CyberSentinel AI is an **automated security monitoring and AI analysis system** designed to **track the latest security vulnerabilities (CVEs)** and **security-related repositories on GitHub** in real-time. It leverages **Artificial Intelligence (AI) technology** for in-depth analysis and **automatically publishes valuable security intelligence to a blog platform**.

## 🚀 Key Features

*   **Multi-Source Data Monitoring**:
    *   **CVE Monitoring**: Real-time scraping of the latest CVE-related information from GitHub, enabling rapid discovery and tracking of the latest vulnerability trends.
    *   **GitHub Repository Monitoring**: Comprehensive monitoring of security-related open-source projects on GitHub through keyword searches and predefined watch lists.
*   **Intelligent AI Analysis**:
    *   **OpenAI & Gemini Dual Engine**: Integrated with OpenAI and Gemini AI models, providing powerful natural language processing capabilities for in-depth security data analysis.
    *   **Multi-Dimensional Security Assessment**: Evaluation of CVEs and repositories from multiple dimensions, including **vulnerability principles**, **exploitation methods**, **risk levels**, and **impact scope**, ensuring depth and breadth of analysis.
    *   **Value Judgment and Filtering**: Intelligent AI-driven judgment of security information value, automatically filtering out low-value information and focusing on truly noteworthy security threats and technologies.
*   **Automated Workflow**:
    *   **Fully Automated Monitoring**: The system runs **24/7** unattended, automating security information collection, analysis, and report generation.
    *   **Daily Security Briefing**: Generates daily security briefing reports on a schedule, summarizing the latest CVE vulnerabilities and GitHub security repository dynamics, and pushing them to a blog platform.
    *   **Dynamic Blacklisting**: Automatically updates blacklists based on AI analysis results, reducing interference from invalid information and improving monitoring efficiency.
*   **Flexible Configuration and Management**:
    *   **Multi-GitHub Token Support**: Supports configuration of multiple GitHub Tokens, intelligently rotating usage to effectively avoid API rate limits.
    *   **Configurable Monitoring Parameters**: Keywords, watch repository lists, blacklists, etc., can be flexibly adjusted through configuration files to meet different monitoring needs.
    *   **Detailed Logging**: Detailed logs are recorded for all critical steps of system operation, facilitating troubleshooting and system monitoring.
*   **Automated Blog Publishing**:
    *   **Integrated Blog Platform**: Integrated with a blog platform API to automatically publish daily security briefing reports, quickly sharing security intelligence.
    *   **Markdown Reports**: Analysis results and security briefings are generated in **Markdown format**, making them easy to read and edit.

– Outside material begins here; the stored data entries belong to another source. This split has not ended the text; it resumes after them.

lemma gaussian_smoothed_transform:
  fixes h :: "real \<Rightarrow> complex"
  assumes s2: "s * s = 1" and [measurable]: "h \<in> borel_measurable borel"
    and ih: "integrable lborel h" and sig: "\<sigma> > 0"
  shows "(\<integral>x. (\<integral>k'. cis (s * (k' * x)) * h k' \<partial>lborel)
              * (complex_of_real (normal_density 0 \<sigma> x) * cis (- s * (k * x))) \<partial>lborel)
       = (\<integral>k'. h k' * complex_of_real (exp (- (\<sigma> * (k' - k))\<^sup>2 / 2)) \<partial>lborel)"
proof -
  have ind: "integrable lborel (\<lambda>x. complex_of_real (normal_density 0 \<sigma> x) * cis (- s * (k * x)))"
    by (rule integrable_by_bound[of _ "normal_density 0 \<sigma>"]) (use sig in \<open>auto simp: norm_mult\<close>)
  have "(\<integral>x. (\<integral>k'. cis (s * (k' * x)) * h k' \<partial>lborel)
              * (complex_of_real (normal_density 0 \<sigma> x) * cis (- s * (k * x))) \<partial>lborel)
      = (\<integral>x. (complex_of_real (normal_density 0 \<sigma> x) * cis (- s * (k * x)))
              * (\<integral>k'. h k' * cis (s * (k' * x)) \<partial>lborel) \<partial>lborel)"
    by (simp add: mult.commute)
  also have "\<dots> = (\<integral>k'. h k' * (\<integral>x. (complex_of_real (normal_density 0 \<sigma> x) * cis (- s * (k * x)))
                                        * cis (s * (k' * x)) \<partial>lborel) \<partial>lborel)"
    by (rule integral_swap_bounded_kernel) (use ih ind in auto)
  also have "\<dots> = (\<integral>k'. h k' * complex_of_real (exp (- (\<sigma> * (k' - k))\<^sup>2 / 2)) \<partial>lborel)"
    unfolding gaussian_wave_pairing[OF s2 sig] ..
  finally show ?thesis .
qed

lemma smoothed_energy_identity:
  fixes h :: "real \<Rightarrow> complex"
  assumes s2: "s * s = 1" and [measurable]: "h \<in> borel_measurable borel"
    and ih: "integrable lborel h" and sig: "\<sigma> > 0"
  defines "F \<equiv> \<lambda>x. \<integral>k. cis (s * (k * x)) * h k \<partial>lborel"
    and "G \<equiv> \<lambda>k. \<integral>k'. h k' * complex_of_real (exp (- (\<sigma> * (k' - k))\<^sup>2 / 2)) \<partial>lborel"
  shows "integrable lborel (\<lambda>x. (cmod (F x))\<^sup>2 * normal_density 0 \<sigma> x)"
    and "complex_of_real (\<integral>x. (cmod (F x))\<^sup>2 * normal_density 0 \<sigma> x \<partial>lborel) = (\<integral>k. h k * cnj (G k) \<partial>lborel)"
proof -
  define N1 where "N1 = (\<integral>k. cmod (h k) \<partial>lborel)"
  define nd where "nd = normal_density 0 \<sigma>"
  have [measurable]: "nd \<in> borel_measurable borel" unfolding nd_def by simp
  have nd0: "nd x \<ge> 0" for x unfolding nd_def by simp
  have ndi: "integrable lborel nd" unfolding nd_def using sig by simp
  have [measurable]: "F \<in> borel_measurable borel" unfolding F_def by measurable
  have Fb: "cmod (F x) \<le> N1" for x
    unfolding F_def N1_def using integral_norm_bound[of lborel "\<lambda>k. cis (s * (k * x)) * h k"] by (simp add: norm_mult)
  show "integrable lborel (\<lambda>x. (cmod (F x))\<^sup>2 * normal_density 0 \<sigma> x)"
  proof (rule integrable_by_bound[of _ "\<lambda>x. N1\<^sup>2 * nd x"])
    show "integrable lborel (\<lambda>x. N1\<^sup>2 * nd x)" using ndi by simp
    fix x
    have "(cmod (F x))\<^sup>2 \<le> N1\<^sup>2" using Fb[of x] by (simp add: power_mono)
    then show "norm ((cmod (F x))\<^sup>2 * normal_density 0 \<sigma> x) \<le> N1\<^sup>2 * nd x"
      using nd0[of x] unfolding nd_def by (simp add: abs_mult mult_right_mono)
  qed simp
  define a where "a = (\<lambda>x. cnj (F x) * complex_of_real (nd x))"
  have [measurable]: "a \<in> borel_measurable borel" unfolding a_def by measurable
  have ia: "integrable lborel a"
  proof (rule integrable_by_bound[of _ "\<lambda>x. N1 * nd x"])
    show "integrable lborel (\<lambda>x. N1 * nd x)" using ndi by simp
    fix x show "norm (a x) \<le> N1 * nd x" unfolding a_def using Fb[of x] nd0[of x]
      by (simp add: norm_mult abs_of_nonneg mult_right_mono)
  qed simp
  have inner: "(\<integral>x. a x * cis (s * (k * x)) \<partial>lborel) = cnj (G k)" for k
  proof -
    have eq: "(\<integral>x. F x * (complex_of_real (nd x) * cis (- s * (k * x))) \<partial>lborel) = G k"
      unfolding F_def G_def nd_def by (rule gaussian_smoothed_transform[OF s2 _ ih sig]) simp
    have "(\<integral>x. a x * cis (s * (k * x)) \<partial>lborel)
        = (\<integral>x. cnj (F x * (complex_of_real (nd x) * cis (- s * (k * x)))) \<partial>lborel)"
      unfolding a_def by (intro Bochner_Integration.integral_cong refl) (simp add: cis_cnj)
    also have "\<dots> = cnj (G k)" by (simp only: Bochner_Integration.integral_cnj eq)
    finally show ?thesis .
  qed
  have "complex_of_real (\<integral>x. (cmod (F x))\<^sup>2 * normal_density 0 \<sigma> x \<partial>lborel) = (\<integral>x. a x * F x \<partial>lborel)"
  proof -
    have "complex_of_real ((cmod (F x))\<^sup>2 * normal_density 0 \<sigma> x) = a x * F x" for x
      unfolding a_def nd_def by (simp only: of_real_mult complex_norm_square) (simp add: mult_ac)
    then show ?thesis by (simp flip: integral_complex_of_real)
  qed
  also have "\<dots> = (\<integral>x. a x * (\<integral>k. h k * cis (s * (k * x)) \<partial>lborel) \<partial>lborel)"
    unfolding F_def by (simp add: mult.commute)
  also have "\<dots> = (\<integral>k. h k * (\<integral>x. a x * cis (s * (k * x)) \<partial>lborel) \<partial>lborel)"
    by (rule integral_swap_bounded_kernel) (use ia ih in auto)
  also have "\<dots> = (\<integral>k. h k * cnj (G k) \<partial>lborel)" by (simp add: inner)
  finally show "complex_of_real (\<integral>x. (cmod (F x))\<^sup>2 * normal_density 0 \<sigma> x \<partial>lborel) = (\<integral>k. h k * cnj (G k) \<partial>lborel)" .
qed

text \<open>The norm of a Bochner integral is bounded by the integral of the norm, without any
  integrability hypothesis (a non-integrable function has integral zero).\<close>
lemma norm_integral_le_nn_integral:
  fixes f :: "'a \<Rightarrow> 'b::{banach,second_countable_topology}"
  shows "ennreal (norm (integral\<^sup>L M f)) \<le> (\<integral>\<^sup>+x. norm (f x) \<partial>M)"
  by (cases "integrable M f") (auto simp: integral_norm_bound_ennreal not_integrable_integral_eq)

text \<open>By the Schur test, the Gaussian-weighted energy of F is bounded by sqrt(2 pi)/sigma int |h|^2.\<close>
lemma smoothed_energy_bound:
  fixes h :: "real \<Rightarrow> complex"
  assumes s2: "s * s = 1" and [measurable]: "h \<in> borel_measurable borel"
    and ih: "integrable lborel h" and ih2: "integrable lborel (\<lambda>k. (cmod (h k))\<^sup>2)" and sig: "\<sigma> > 0"
  defines "F \<equiv> \<lambda>x. \<integral>k. cis (s * (k * x)) * h k \<partial>lborel"
  shows "(\<integral>x. (cmod (F x))\<^sup>2 * normal_density 0 \<sigma> x \<partial>lborel) \<le> sqrt (2 * pi) / \<sigma> * (\<integral>k. (cmod (h k))\<^sup>2 \<partial>lborel)"
proof -
  define E where "E k k' = exp (- (\<sigma> * (k' - k))\<^sup>2 / 2)" for k k'
  define G where "G k = (\<integral>k'. h k' * complex_of_real (E k k') \<partial>lborel)" for k
  define R where "R = (\<integral>x. (cmod (F x))\<^sup>2 * normal_density 0 \<sigma> x \<partial>lborel)"
  have R_eq: "complex_of_real R = (\<integral>k. h k * cnj (G k) \<partial>lborel)"
    unfolding R_def F_def G_def E_def by (rule smoothed_energy_identity(2)[OF s2 _ ih sig]) simp
  have "R \<ge> 0" unfolding R_def by (intro integral_nonneg_AE) auto
  then have "ennreal R = ennreal (norm (\<integral>k. h k * cnj (G k) \<partial>lborel))"
    by (simp flip: R_eq)
  also have "\<dots> \<le> (\<integral>\<^sup>+k. ennreal (cmod (h k)) * ennreal (cmod (G k)) \<partial>lborel)"
    by (rule order_trans[OF norm_integral_le_nn_integral]) (simp add: norm_mult ennreal_mult)
  also have "\<dots> \<le> (\<integral>\<^sup>+k. ennreal (cmod (h k)) * (\<integral>\<^sup>+k'. ennreal (cmod (h k') * E k k') \<partial>lborel) \<partial>lborel)"
  proof (intro nn_integral_mono mult_left_mono)
    fix k
    show "ennreal (cmod (G k)) \<le> (\<integral>\<^sup>+k'. ennreal (cmod (h k') * E k k') \<partial>lborel)"
      unfolding G_def using norm_integral_le_nn_integral[of lborel "\<lambda>k'. h k' * complex_of_real (E k k')"]
      by (simp add: norm_mult E_def)
  qed simp
  also have "\<dots> = (\<integral>\<^sup>+k. \<integral>\<^sup>+k'. ennreal (cmod (h k) * cmod (h k') * E k k') \<partial>lborel \<partial>lborel)"
    by (simp add: E_def ennreal_mult mult.assoc flip: nn_integral_cmult)
  also have "\<dots> \<le> ennreal (sqrt (2 * pi) / \<sigma>) * (\<integral>\<^sup>+k. ennreal ((cmod (h k))\<^sup>2) \<partial>lborel)"
  proof (rule schur_test_symmetric_kernel)
    show "(\<lambda>(k, k'). E k k') \<in> borel_measurable (lborel \<Otimes>\<^sub>M lborel)" unfolding E_def by measurable
    show "E k k' = E k' k" for k k' unfolding E_def by (simp add: power2_commute algebra_simps)
    show "(\<integral>\<^sup>+k'. ennreal (E k k') \<partial>lborel) \<le> ennreal (sqrt (2 * pi) / \<sigma>)" for k
      unfolding E_def gauss_kernel_row_integral[OF sig] ..
  qed (auto simp: E_def)
  also have "\<dots> = ennreal (sqrt (2 * pi) / \<sigma> * (\<integral>k. (cmod (h k))\<^sup>2 \<partial>lborel))"
    unfolding nn_integral_eq_integral[OF ih2 AE_I2[OF zero_le_power2]]
    using sig by (intro ennreal_mult[symmetric]) (auto intro: integral_nonneg_AE)
  finally show ?thesis
    unfolding R_def using sig by (subst (asm) ennreal_le_iff) (auto intro!: integral_nonneg_AE)
qed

## 🛠️ Technical Implementation

### 1. Monitoring Modules (Monitors)

*   **`cve_monitor.py`**: **CVE Monitor**
    *   **GitHub API Interaction**: Uses the GitHub API to search for CVE-related repositories, keyword `CVE-202+`, and sorts by `updated` time.
    *   **CVE Information Extraction**: Extracts CVE numbers from repository names and descriptions using regular expressions.
    *   **Repository Information Crawling**: Retrieves repository descriptions, star counts, update times, recent commits, and other information.
    *   **Blacklist Filtering**: Supports **user blacklists** and **repository blacklists** to filter out invalid information sources.
    *   **File Content Analysis**: Clones repositories locally and **intelligently analyzes** **README.md** and other **high-priority files**, calculates file **relevance scores**, and initially filters high-value repositories.
    *   **Intelligent Token Management**: Implements automatic rotation and status checking of GitHub Tokens, dynamically switching available tokens to ensure the continuity of monitoring tasks.
    *   **Database Storage**: Uses the **SQLite** database **`database/cve_record.db`** to store CVE records, including CVE numbers, descriptions, publication dates, last modified dates, repository URLs, and other information.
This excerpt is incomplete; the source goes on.